The food you eat can be either the safest and most powerful form of medicine, or the slowest form of poison - Ann Wigmore
What is metabolism?
Metabolism is how your body processes food and drink into energy. Which means it determines how much energy you have. It’s also responsible for building and repairing tissues, which means that low metabolism is a major contributor in disease.
Here are the lifestyle factors that affect metabolism:
Sleep
Exercise
Stress / Mindset
Food
Today, let’s talk about food and metabolism.
Our body breaks down and converts what we eat and drink into energy, impacting our ability to move, think, breathe, and feel alive. It impacts our quality of life.
It’s helpful to know these 3 Ayurvedic terms, the equivalent of which I find lacking in our English language: Agni, Ojas, and Ama.
Agni refers to our digestive fire, which metabolizes what we consume into energy, assimilating the nutrients for energy and and cellular intelligence, and releasing the rest through elimination.
This metabolic process converts our food into energy, or what Ayurveda calls Ojas: a nectar-like substance that creates vitality, life force, balance, and progress/ creation. It’s shown in the glow of natural un-made-up skin that we see on babies, pregnant women, full-immersion in nature, and people that have fallen in love.
When what we’ve consumed don’t get fully digested, then what sits in our stomach and the rest of our bodies as they back up, undigested and putrifying, is Ama, which is a toxic substance that clogs up your body’s channels and disrupts flow. We experience this through lethargy, stagnation, illness, and disease.
So each time we make a choice in what and how we eat, we create Ojas or Ama. Life force (good health) or stagnation (disease).
So, while it is certainly important to
get enough sleep… how we eat can impact our sleep quality.
get plenty of exercise… food can sabotage all efforts.
reduce stress… food has a direct and immediate impact on our mindset and perceptions.
How do you know that your metabolism needs a boost?
You’re constantly tired. You may think it’s the busyness or lack of meaning in your life; change your food habits and see what happens.
You suffer from chronic disease and inflammation, and you’re constantly getting sick.
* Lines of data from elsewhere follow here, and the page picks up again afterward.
(* Let $q$ be a power of an odd prime with $q\equiv 3\pmod 4$, and let $k\equiv 0\pmod 4$ be a positive integer. Let $C_k=\{x\in\mathbb{F}_q^k : -x_1^2+x_2^2+\cdots+x_k^2=0\}$ and let $G_{Q,k}$ be the Cayley graph with vertex set $\mathbb{F}_q^k$ in which $x$ and $y$ are adjacent iff $x-y\in C_k$. Then its eigenvalues $\{\lambda_m\}_{m\in\mathbb{F}_q^k}$ are \[ \lambda_m=q^k\cdot\begin{cases} q^{-1}\delta_0(m)-q^{-\frac{k}{2}}+q^{-\frac{k+2}{2}} & \text{if } m\in C_k,\\ q^{-\frac{k+2}{2}} & \text{if } m\notin C_k.\end{cases}\]
   Context: Let $\chi$ be the principal (canonical) additive character of $\mathbb{F}_q$. The eigenvalue $\lambda_m$ of the Cayley graph is the one associated with the eigenvector $x\mapsto\chi(m\cdot x)$, namely $\lambda_m=\sum_{c\in C_k}\chi(-m\cdot c)$. $\delta_0(m)=1$ if $m=(0,\dots,0)$ and $\delta_0(m)=0$ otherwise. *)

theory Defs
  imports "HOL-Analysis.Analysis"
begin

text \<open>Finite field F_q is modelled by a type 'a :: {finite, field}; q = CARD('a), p = CHAR('a).
 Vectors of F_q^k are functions nat => 'a vanishing outside {0..<k}; coordinate 0 plays the role of x_1.\<close>

definition fq_degree :: "'a::{finite,field} itself \<Rightarrow> nat" where
  "fq_degree _ = (THE r. CHAR('a) ^ r = CARD('a))"

text \<open>Absolute trace F_q -> F_p (values in the prime subfield of 'a).\<close>
definition fq_trace :: "'a::{finite,field} \<Rightarrow> 'a" where
  "fq_trace x = (\<Sum>i<fq_degree TYPE('a). x ^ (CHAR('a) ^ i))"

definition can_char :: "'a::{finite,field} \<Rightarrow> complex" where
  "can_char x = cis (2 * pi * real (THE j. j < CHAR('a) \<and> of_nat j = fq_trace x) / real CHAR('a))"

definition vecs :: "nat \<Rightarrow> (nat \<Rightarrow> 'a::zero) set" where
  "vecs k = {x. \<forall>i\<ge>k. x i = 0}"

definition dotp :: "nat \<Rightarrow> (nat \<Rightarrow> 'a::comm_ring) \<Rightarrow> (nat \<Rightarrow> 'a) \<Rightarrow> 'a" where
  "dotp k m x = (\<Sum>i<k. m i * x i)"

definition quadQ :: "nat \<Rightarrow> (nat \<Rightarrow> 'a::comm_ring_1) \<Rightarrow> 'a" where
  "quadQ k x = - ((x 0)^2) + (\<Sum>i\<in>{1..<k}. (x i)^2)"

definition coneC :: "nat \<Rightarrow> (nat \<Rightarrow> 'a::comm_ring_1) set" where
  "coneC k = {x \<in> vecs k. quadQ k x = 0}"

definition cayley_adj :: "nat \<Rightarrow> (nat \<Rightarrow> 'a::comm_ring_1) \<Rightarrow> (nat \<Rightarrow> 'a) \<Rightarrow> bool" where
  "cayley_adj k x y \<longleftrightarrow> x - y \<in> coneC k"

definition cayley_eig :: "nat \<Rightarrow> (nat \<Rightarrow> 'a::{finite,field}) \<Rightarrow> complex" where
  "cayley_eig k m = (\<Sum>c\<in>coneC k. can_char (- dotp k m c))"

end

(* Orthogonality of additive characters gives
     q lambda_m = Sum_{t in F_q} Sum_{x in F_q^k} chi(t Q(x) - m.x).
   The term t = 0 is q^k delta_0(m).  For t <> 0 the sum over x factors over the coordinates into
   completed squares, each a quadratic Gauss sum G(t) or G(-t) times a character value, and the
   product is -G(t)^k chi(-Q(m)/(4t)) once G(-t) = -G(t).  That identity holds because -1 is a
   non-square for q = 3 (mod 4): then the nonzero squares and their negatives partition F_q^*.
   With G(t) G(-t) = q this gives G(t)^2 = -q, so G(t)^k = q^(k/2) for 4 | k, and the remaining
   sum over t <> 0 of chi(-Q(m)/(4t)) is q [Q(m) = 0] - 1. *)

theory Submission
  imports Defs
    "HOL-Computational_Algebra.Polynomial"
    "HOL-Computational_Algebra.Primes"
    "HOL-Number_Theory.Cong"
    "HOL-Algebra.FiniteProduct"
begin

section \<open>Finite fields\<close>

lemma prime_CHAR_finite_field: "prime CHAR('a::{finite,field})"
  by (intro prime_CHAR_semidom finite_imp_CHAR_pos) simp

lemma CHAR_ge_2: "CHAR('a::{finite,field}) \<ge> 2"
  using prime_CHAR_finite_field prime_ge_2_nat by blast

lemma two_neq_zero_if_odd_CHAR: "odd CHAR('a) \<Longrightarrow> (2::'a::{finite,field}) \<noteq> 0"
  using of_nat_eq_0_iff_char_dvd[where 'a = 'a, of 2] CHAR_ge_2[where 'a = 'a]
  by (auto dest: dvd_imp_le)

lemma four_neq_zero_if_odd_CHAR: "odd CHAR('a) \<Longrightarrow> (4::'a::{finite,field}) \<noteq> 0"
  using two_neq_zero_if_odd_CHAR mult_eq_0_iff[of "2::'a" 2] by simp

text \<open>The library lemma \<open>finite_field_power_card_eq_same\<close> needs sort \<open>finite_field\<close>, which a
  type of sort \<open>{finite,field}\<close> does not have; Lagrange's theorem for the multiplicative group
  gives it directly.\<close>
lemma power_card_eq_self: "(x::'a::{finite,field}) ^ CARD('a) = x"
proof (cases "x = 0")
  case False
  define G :: "'a monoid" where "G = \<lparr>carrier = UNIV - {0}, mult = (*), one = 1\<rparr>"
  interpret G: comm_group G
  proof (rule comm_groupI)
    show "\<exists>y\<in>carrier G. y \<otimes>\<^bsub>G\<^esub> z = \<one>\<^bsub>G\<^esub>" if "z \<in> carrier G" for z
      using that by (intro bexI[of _ "inverse z"]) (auto simp: G_def)
  qed (auto simp: G_def ac_simps)
  have pow: "y [^]\<^bsub>G\<^esub> n = y ^ n" for y and n :: nat
    by (induction n) (simp_all add: G_def)
  have "x [^]\<^bsub>G\<^esub> card (carrier G) = \<one>\<^bsub>G\<^esub>"
    by (rule G.power_order_eq_one) (simp_all add: G_def False)
  then have "x ^ (CARD('a) - 1) = 1"
    unfolding pow by (simp add: G_def card_Diff_singleton)
  then show ?thesis
    by (metis power_minus_mult zero_less_card_finite mult_1)
qed simp

lemma of_nat_power_CHAR:
  assumes "prime CHAR('a::comm_semiring_1)"
  shows "(of_nat n :: 'a) ^ CHAR('a) = of_nat n"
proof (induction n)
  case 0
  show ?case using prime_gt_0_nat[OF assms] by (simp add: power_0_left)
next
  case (Suc n)
  then show ?case by (simp add: freshmans_dream[OF assms refl])
qed

definition prime_subfield :: "'a::{finite,field} set" where
  "prime_subfield = {y. y ^ CHAR('a) = y}"

lemma card_of_nat_lessThan_CHAR:
  "card (of_nat ` {..<CHAR('a::semiring_1_cancel)} :: 'a set) = CHAR('a)"
proof -
  have "inj_on (of_nat :: nat \<Rightarrow> 'a) {..<CHAR('a)}"
    by (auto intro!: inj_onI simp: of_nat_eq_iff_cong_CHAR cong_less_modulus_unique_nat)
  then show ?thesis
    by (simp add: card_image)
qed

text \<open>The polynomial \<open>X^p - X\<close> has at most \<open>p\<close> roots, and the \<open>p\<close> distinct elements
  \<open>0, 1, \<dots>, p - 1\<close> are among them.\<close>
lemma prime_subfield_eq:
  "(prime_subfield :: 'a::{finite,field} set) = of_nat ` {..<CHAR('a)}"
proof -
  let ?p = "CHAR('a)"
  define R :: "'a poly" where "R = monom 1 ?p - monom 1 1"
  have p2: "?p \<ge> 2" by (rule CHAR_ge_2)
  have "coeff R ?p = 1" using p2 by (simp add: R_def coeff_monom)
  then have "R \<noteq> 0" by auto
  have "degree R \<le> ?p"
    unfolding R_def by (rule degree_diff_le) (use p2 in \<open>simp_all add: degree_monom_eq\<close>)
  moreover have "{z. poly R z = 0} = prime_subfield"
    by (simp add: R_def poly_monom prime_subfield_def)
  ultimately have "card (prime_subfield :: 'a set) \<le> card (of_nat ` {..<?p} :: 'a set)"
    using card_poly_roots_bound[OF \<open>R \<noteq> 0\<close>] by (simp add: card_of_nat_lessThan_CHAR)
  moreover have "of_nat ` {..<?p} \<subseteq> (prime_subfield :: 'a set)"
    using of_nat_power_CHAR[OF prime_CHAR_finite_field] by (auto simp: prime_subfield_def)
  ultimately show ?thesis
    by (intro card_seteq[symmetric]) simp_all
qed

lemma card_prime_subfield: "card (prime_subfield :: 'a::{finite,field} set) = CHAR('a)"
  by (simp only: prime_subfield_eq card_of_nat_lessThan_CHAR)

lemma prime_subfield_closed:
  fixes x y :: "'a::{finite,field}"
  assumes "x \<in> prime_subfield" "y \<in> prime_subfield"
  shows "x + y \<in> prime_subfield" "x - y \<in> prime_subfield" "x * y \<in> prime_subfield"
    and "inverse x \<in> prime_subfield"
proof -
  note dream = freshmans_dream[OF prime_CHAR_finite_field refl]
  show "x + y \<in> prime_subfield" "x * y \<in> prime_subfield" "inverse x \<in> prime_subfield"
    using assms by (simp_all add: prime_subfield_def dream power_mult_distrib power_inverse)
  have "x = (x - y) + y" by simp
  then have "x ^ CHAR('a) = (x - y) ^ CHAR('a) + y ^ CHAR('a)"
    by (metis dream)
  then show "x - y \<in> prime_subfield"
    using assms by (simp add: prime_subfield_def algebra_simps)
qed

lemma of_nat_in_prime_subfield: "of_nat n \<in> (prime_subfield :: 'a::{finite,field} set)"
  by (simp add: prime_subfield_def of_nat_power_CHAR prime_CHAR_finite_field)

definition prime_subspace :: "'a::{finite,field} set \<Rightarrow> bool" where
  "prime_subspace S \<longleftrightarrow>
     0 \<in> S \<and> (\<forall>x\<in>S. \<forall>y\<in>S. x + y \<in> S) \<and> (\<forall>c\<in>prime_subfield. \<forall>x\<in>S. c * x \<in> S)"

lemma prime_subspace_extend:
  fixes S :: "'a::{finite,field} set"
  assumes S: "prime_subspace S" and a: "a \<notin> S"
  defines "f \<equiv> \<lambda>(s, c). s + c * a"
  shows "prime_subspace (f ` (S \<times> prime_subfield))"
    and "card (f ` (S \<times> prime_subfield)) = card S * CHAR('a)"
proof -
  have P: "0 \<in> (prime_subfield :: 'a set)" "1 \<in> (prime_subfield :: 'a set)"
    using of_nat_in_prime_subfield[of 0] of_nat_in_prime_subfield[of 1] by simp_all
  have f_add: "f (s1, c1) + f (s2, c2) = f (s1 + s2, c1 + c2)"
    and f_scale: "d * f (s1, c1) = f (d * s1, d * c1)" for s1 s2 c1 c2 d
    by (simp_all add: f_def algebra_simps)
  show "prime_subspace (f ` (S \<times> prime_subfield))"
    unfolding prime_subspace_def
  proof (intro conjI ballI)
    have "0 = f (0, 0)" by (simp add: f_def)
    then show "0 \<in> f ` (S \<times> prime_subfield)"
      using S P by (auto simp: prime_subspace_def)
  next
    fix x y assume "x \<in> f ` (S \<times> prime_subfield)" "y \<in> f ` (S \<times> prime_subfield)"
    then show "x + y \<in> f ` (S \<times> prime_subfield)"
      using S by (auto simp: f_add prime_subspace_def intro!: imageI prime_subfield_closed)
  next
    fix d :: 'a and x assume "d \<in> prime_subfield" "x \<in> f ` (S \<times> prime_subfield)"
    then show "d * x \<in> f ` (S \<times> prime_subfield)"
      using S by (auto simp: f_scale prime_subspace_def intro!: imageI prime_subfield_closed)
  qed
  have "inj_on f (S \<times> prime_subfield)"
  proof (rule inj_onI, clarify)
    fix s c s' c' assume in_S: "s \<in> S" "s' \<in> S" and in_P: "c \<in> prime_subfield" "c' \<in> prime_subfield"
      and eq: "f (s, c) = f (s', c')"
    show "s = s' \<and> c = c'"
    proof (cases "c = c'")
      case False
      text \<open>Then \<open>a = (s' - s) / (c - c')\<close> would lie in \<open>S\<close>.\<close>
      have "- 1 \<in> (prime_subfield :: 'a set)"
        using prime_subfield_closed(2)[OF P] by simp
      then have "- s \<in> S"
        using S in_S by (metis prime_subspace_def mult_minus1)
      moreover have "inverse (c - c') \<in> prime_subfield"
        using in_P by (simp add: prime_subfield_closed)
      ultimately have "inverse (c - c') * (s' + - s) \<in> S"
        using S in_S unfolding prime_subspace_def by blast
      also have "inverse (c - c') * (s' + - s) = a"
        using eq False by (simp add: f_def field_simps)
      finally show ?thesis using a by simp
    qed (use eq in \<open>simp add: f_def\<close>)
  qed
  then show "card (f ` (S \<times> prime_subfield)) = card S * CHAR('a)"
    by (simp add: card_image card_cartesian_product card_prime_subfield)
qed

lemma card_eq_card_prime_subspace_times_CHAR_power:
  fixes S :: "'a::{finite,field} set"
  assumes "prime_subspace S"
  shows "\<exists>r. CARD('a) = card S * CHAR('a) ^ r"
  using assms
proof (induction "CARD('a) - card S" arbitrary: S rule: less_induct)
  case less
  show ?case
  proof (cases "S = UNIV")
    case False
    then obtain a where a: "a \<notin> S" by blast
    define S' where "S' = (\<lambda>(s, c). s + c * a) ` (S \<times> prime_subfield)"
    have S': "prime_subspace S'" "card S' = card S * CHAR('a)"
      using prime_subspace_extend[OF less.prems a] unfolding S'_def by auto
    have "card S > 0"
      using less.prems by (auto simp: prime_subspace_def card_gt_0_iff)
    have "card S' \<le> CARD('a)"
      by (simp add: card_mono)
    moreover have "card S < card S'"
      using S' CHAR_ge_2[where 'a = 'a] \<open>card S > 0\<close> by simp
    ultimately obtain r where "CARD('a) = card S' * CHAR('a) ^ r"
      using less.hyps[OF _ S'(1)] by fastforce
    then show ?thesis
      using S' by (intro exI[of _ "Suc r"]) (simp add: ac_simps)
  qed (auto intro: exI[of _ 0])
qed

lemma card_finite_field_eq_CHAR_power: "\<exists>r. CARD('a::{finite,field}) = CHAR('a) ^ r"
proof -
  have "prime_subspace {0::'a}"
    by (simp add: prime_subspace_def)
  then show ?thesis
    using card_eq_card_prime_subspace_times_CHAR_power by fastforce
qed

lemma CHAR_power_fq_degree: "CHAR('a) ^ fq_degree TYPE('a) = CARD('a::{finite,field})"
proof -
  obtain r where r: "CARD('a) = CHAR('a) ^ r"
    using card_finite_field_eq_CHAR_power by blast
  have "fq_degree TYPE('a) = r"
    unfolding fq_degree_def
    using r CHAR_ge_2[where 'a = 'a] by (intro the_equality) (simp_all add: power_inject_exp)
  with r show ?thesis
    by simp
qed

lemma fq_degree_pos: "fq_degree TYPE('a::{finite,field}) > 0"
proof -
  have "card {0, 1::'a} \<le> CARD('a)"
    by (rule card_mono) simp_all
  then show ?thesis
    using CHAR_power_fq_degree[where 'a = 'a] by (cases "fq_degree TYPE('a)") simp_all
qed

lemma fq_trace_add: "fq_trace (x + y) = fq_trace x + fq_trace (y::'a::{finite,field})"
  unfolding fq_trace_def
  by (simp add: freshmans_dream'[OF prime_CHAR_finite_field refl] sum.distrib)

lemma fq_trace_zero: "fq_trace (0::'a::{finite,field}) = 0"
  unfolding fq_trace_def using CHAR_ge_2[where 'a = 'a] by (simp add: power_0_left)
You easily gain weight, especially in your middle.
How to boost your metabolism through food:
Choose easily digestible foods, which are fresh, whole, unprocessed, slow or gently cooked, and spiced (I mean with herbs and spices, not spicy) foods. The older and more processed the food, the harder it is for your body to break down. Cooking and using spices help pre-digest your food so that your body doesn’t have to work so hard to break down and convert what you just consumed. You know your body is overwhelmed when you are experiencing indigestion or get tired right after a meal.
Reduce raw foods: it’s more difficult to digest. Yes, you might lose some nutrients from cooking your fresh veggies, but if you can’t unlock and convert the intelligence from that food to energy for your mind and body, you won’t be able to assimilate it. If it’s difficult to digest, it will also be difficult to move it through your digestive system to eliminate. Which means you collect Ama. If this isn’t corrected, it will back up into your lymphatics, making it difficult for that system to take out the trash, compromising your immune system and creating disease.
Avoid leftovers: make food for that day and eat fresh. Prana is life force, or energy. This is the difference between the taste of an apple from a can vs. from a grocery store vs. from the Farmer’s Market vs. picked directly from an apple tree. The source of that amazing flavor burst from the fresher apple is the life force that still runs through it. The longer it sits, and the more it gets processed and laden with chemicals, the less life force it retains. Life force is intelligence and energy. Leftovers have little life force. Ideally, choose foods made that day, and at most, made no more than one day ago. This can satisfy those that believe that “it always tastes better the next day…”
Sit while eating, and eat to eat. Multi-tasking prevents us from doing any one thing well. This includes digestion. When you’re not fully digested, you go into food coma, brain fog, exhaustion, indigestion, whatever you want to call it, and so you’re not saving time anyway by multi-tasking because your body is now working too hard to make you effective the rest of the afternoon, or to sleep well.
Check your emotions: refrain from eating your emotions. Your body has difficulty digesting when you are upset or emotional. It goes into stress, or flight-and-flight mode rather that rest-and-digest. So everything sits and putrifies, creating dis-ease.
If you can include these 5 things in how you eat, you’ll find that not only will you boost your metabolism, you’ll also start conquering your food sensitivities, and you’ll have more energy and clarity.
Happy eating!
Love, Savitree
Interesting...I thought eating raw more often was better for me.
Veggies meaning I eat more salads that include carrots, different greens like spinach and kale, lettuce not iceberg, cucumbers, then I include fresh fruit and nuts. I add what are supposed to be anti-inflammatory spices (garlic, turmeric, black pepper, cayenne pepper, cumin) are just a few that I add.
Now, it's helped me lose weight, but not reduce my stomach as much as I'd like.
I prefer my food prepared that day. It always seems like leftovers just don’t have that zing to them. No pizazz. Less life force!